Farmer Merle Anderson of rural Climax, Minn., rallied support for Democratic candidates during a coffee and cookies meeting at his farm Monday afternoon.

Visit with the candidate
Norman County West students Shylynn Fassino, left, and Lita Villarreal visit with Al Franken Monday at a campaign stop at Merle and Lee Anderson's farm near Climax, Minn. (Herald photo by Eric Hylden).

Farmer Merle Anderson of rural Climax, Minn., rallied support for Democratic candidates during a coffee and cookies meeting at his farm Monday afternoon.

The home of Anderson and his wife, Lee, was abuzz with activity, as local producers, community leaders and high school students gathered in an adjacent shop to listen to Democratic candidate Al Franken and incumbent Rep. Collin Peterson, D-Minn. Franken, a best-selling author and former national radio talk show host who gained fame as a comedy writer and performer on TV's "Saturday Night Live," is challenging incumbent Sen. Norm Coleman, R-Minn.

Anderson said a John McCain-Norm Coleman win in Minnesota could "spell the end of all ethanol industry."
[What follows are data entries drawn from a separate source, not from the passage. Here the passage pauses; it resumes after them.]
(* Let $G$ be a finite group and let $\mathsf{T}$ be a $G$-transfer system. Then any two minimal generating sets of $\mathsf{T}$ have the same cardinality. Consequently there is a well-defined map $\mathfrak{m}$ from the set of $G$-transfer systems to $\mathbb{N}$ sending a transfer system $\mathsf{T}$ to the cardinality of a minimal generating set of $\mathsf{T}$.
   Context: For a finite group $G$, an arrow is a pair $(H,K)$ of subgroups of $G$ with $H \leqslant K$; it is an identity arrow if $H=K$. A $G$-transfer system is a set $\mathsf{T}$ of arrows which contains all identity arrows and is closed under: composition (if $(H,K),(K,L)\in\mathsf{T}$ then $(H,L)\in\mathsf{T}$); conjugation (if $(H,K)\in\mathsf{T}$ then $(gHg^{-1},gKg^{-1})\in\mathsf{T}$ for all $g\in G$); restriction (if $(H,K)\in\mathsf{T}$ and $L\leqslant K$ then $(H\cap L,L)\in\mathsf{T}$). For a set $S$ of non-identity arrows, $\langle S\rangle$ denotes the smallest $G$-transfer system containing $S$. A minimal generating set for a transfer system $\mathsf{T}$ is a set $S\subseteq\mathsf{T}$ of non-identity arrows with $\langle S\rangle=\mathsf{T}$ and $\langle S\setminus\{s\}\rangle\subsetneq\mathsf{T}$ for every $s\in S$. *)

theory Defs
  imports "HOL-Algebra.Group"
begin

definition conj_sub :: "('a, 'b) monoid_scheme \<Rightarrow> 'a \<Rightarrow> 'a set \<Rightarrow> 'a set" where
  "conj_sub G g H = {g \<otimes>\<^bsub>G\<^esub> h \<otimes>\<^bsub>G\<^esub> inv\<^bsub>G\<^esub> g | h. h \<in> H}"

definition arrows :: "('a, 'b) monoid_scheme \<Rightarrow> ('a set \<times> 'a set) set" where
  "arrows G = {(H, K). subgroup H G \<and> subgroup K G \<and> H \<subseteq> K}"

definition transfer_system :: "('a, 'b) monoid_scheme \<Rightarrow> ('a set \<times> 'a set) set \<Rightarrow> bool" where
  "transfer_system G T \<longleftrightarrow>
     T \<subseteq> arrows G
   \<and> (\<forall>H. subgroup H G \<longrightarrow> (H, H) \<in> T)
   \<and> (\<forall>H K L. (H, K) \<in> T \<longrightarrow> (K, L) \<in> T \<longrightarrow> (H, L) \<in> T)
   \<and> (\<forall>H K g. (H, K) \<in> T \<longrightarrow> g \<in> carrier G \<longrightarrow> (conj_sub G g H, conj_sub G g K) \<in> T)
   \<and> (\<forall>H K L. (H, K) \<in> T \<longrightarrow> subgroup L G \<longrightarrow> L \<subseteq> K \<longrightarrow> (H \<inter> L, L) \<in> T)"

definition generated_ts :: "('a, 'b) monoid_scheme \<Rightarrow> ('a set \<times> 'a set) set \<Rightarrow> ('a set \<times> 'a set) set" where
  "generated_ts G S = \<Inter> {T. transfer_system G T \<and> S \<subseteq> T}"

definition minimal_generating_set ::
  "('a, 'b) monoid_scheme \<Rightarrow> ('a set \<times> 'a set) set \<Rightarrow> ('a set \<times> 'a set) set \<Rightarrow> bool" where
  "minimal_generating_set G T S \<longleftrightarrow>
     S \<subseteq> T
   \<and> (\<forall>(H, K) \<in> S. H \<noteq> K)
   \<and> generated_ts G S = T
   \<and> (\<forall>s \<in> S. generated_ts G (S - {s}) \<subset> T)"

end

theory Submission
  imports Defs "HOL-Algebra.Group_Action"
begin

(* Call an arrow of T indecomposable if it is not an identity and has no proper factorisation
   (H, Y), (Y, K) inside T, and write a <= b if a is a restriction of a conjugate of b.
   Every arrow of T is a composite of indecomposables, so S \<subseteq> T generates T exactly when
   every indecomposable lies below some element of S. The indecomposables that are maximal for <=
   and lie below a fixed arrow of T are all conjugate. Hence for a minimal generating set S each
   s \<in> S lies above a maximal indecomposable that lies below no other element of S, and sending s
   to the maximal indecomposables below it is a bijection from S onto the conjugacy classes of
   maximal indecomposables, whose number depends only on T. *)

section \<open>Conjugation and the restriction order on arrows\<close>

definition conj_arrow :: "('a, 'b) monoid_scheme \<Rightarrow> 'a \<Rightarrow> 'a set \<times> 'a set \<Rightarrow> 'a set \<times> 'a set" where
  "conj_arrow G g a = (conj_sub G g (fst a), conj_sub G g (snd a))"

definition arrow_le :: "('a, 'b) monoid_scheme \<Rightarrow> 'a set \<times> 'a set \<Rightarrow> 'a set \<times> 'a set \<Rightarrow> bool" where
  "arrow_le G a b \<longleftrightarrow> (\<exists>g\<in>carrier G. \<exists>L. subgroup L G \<and> L \<subseteq> conj_sub G g (snd b)
      \<and> a = (conj_sub G g (fst b) \<inter> L, L))"

lemma conj_sub_eq_image: "conj_sub G g A = (\<lambda>a. g \<otimes>\<^bsub>G\<^esub> a \<otimes>\<^bsub>G\<^esub> inv\<^bsub>G\<^esub> g) ` A"
  unfolding conj_sub_def by auto

lemma arrow_le_identity: "arrow_le G a (H, H) \<Longrightarrow> fst a = snd a"
  unfolding arrow_le_def by auto

context group
begin

lemma conj_sub_subset_carrier: "A \<subseteq> carrier G \<Longrightarrow> g \<in> carrier G \<Longrightarrow> conj_sub G g A \<subseteq> carrier G"
  by (auto simp: conj_sub_eq_image)

lemma conj_sub_mono: "A \<subseteq> B \<Longrightarrow> conj_sub G g A \<subseteq> conj_sub G g B"
  by (auto simp: conj_sub_eq_image)

lemma conj_sub_conj_sub:
  assumes "A \<subseteq> carrier G" "g \<in> carrier G" "h \<in> carrier G"
  shows "conj_sub G h (conj_sub G g A) = conj_sub G (h \<otimes> g) A"
  unfolding conj_sub_eq_image image_image
  using assms by (intro image_cong) (auto simp: inv_mult_group m_assoc)

lemma conj_sub_one: "A \<subseteq> carrier G \<Longrightarrow> conj_sub G \<one> A = A"
  by (auto simp: conj_sub_eq_image subset_iff)

lemma conj_sub_inv_conj_sub:
  "A \<subseteq> carrier G \<Longrightarrow> g \<in> carrier G \<Longrightarrow> conj_sub G (inv g) (conj_sub G g A) = A"
  by (simp add: conj_sub_conj_sub conj_sub_one)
"It wouldn't be very good for sugar, either," he added, then pointing to the walls of his shop, which were decorated with Franken and Peterson signs, he said: "We need to make these changes that you see up on the walls here."

Anderson followed with harsh words for Coleman.


"If we were to re-elect Norm Coleman, he would follow John McCain right over the cliff if he asked him to."

Last week, Coleman, during a campaign swing through East Grand Forks, highlighted his stance on national issues. He said the federal government should live within its means; every Minnesotan should have access to health care, but not through federal bureaucracies; and the nation should focus on renewable energy (particularly ethanol and the possibilities for sugar beets in the industry) and conservation; and, finally, national security.

During the rally at Anderson's farm Monday, Franken said a vote for him is a vote for middle- class Americans.

"It's that everybody can have a good job and everybody can have a roof over their heads, and everybody can have affordable health care, and everybody can go to college -- if they want to," he told the crowd of more than 100 people in Anderson's shop. "That's the promise of America."

Roger Moe, 2002 DFL-candidate for Minnesota governor, praised Franken.

"You want someone who has the right values, the right heart" and honesty -- saying that Franken was the person for the job.

Peterson talked about the importance agricultural producer's play in what he described as the No. 1 issue in America: energy independence.

"We're showing that ethanol can make a difference and that those of us in agriculture will be a part of energy independence," he said.


He also talked about the farm bill and what he said was a lack of support it has had from President Bush and many Republicans.

"Sen. Coleman didn't do any damage to the farm bill," Peterson said, but then added: "He voted for CAFTA. I still will never forgive him for voting for CAFTA."

High school civics teacher Pamela Holte said she was there with about 36 students from Norman County West for a lesson in civics. Students not only were prepping for a mock election; many are eligible to vote for the first time Tuesday.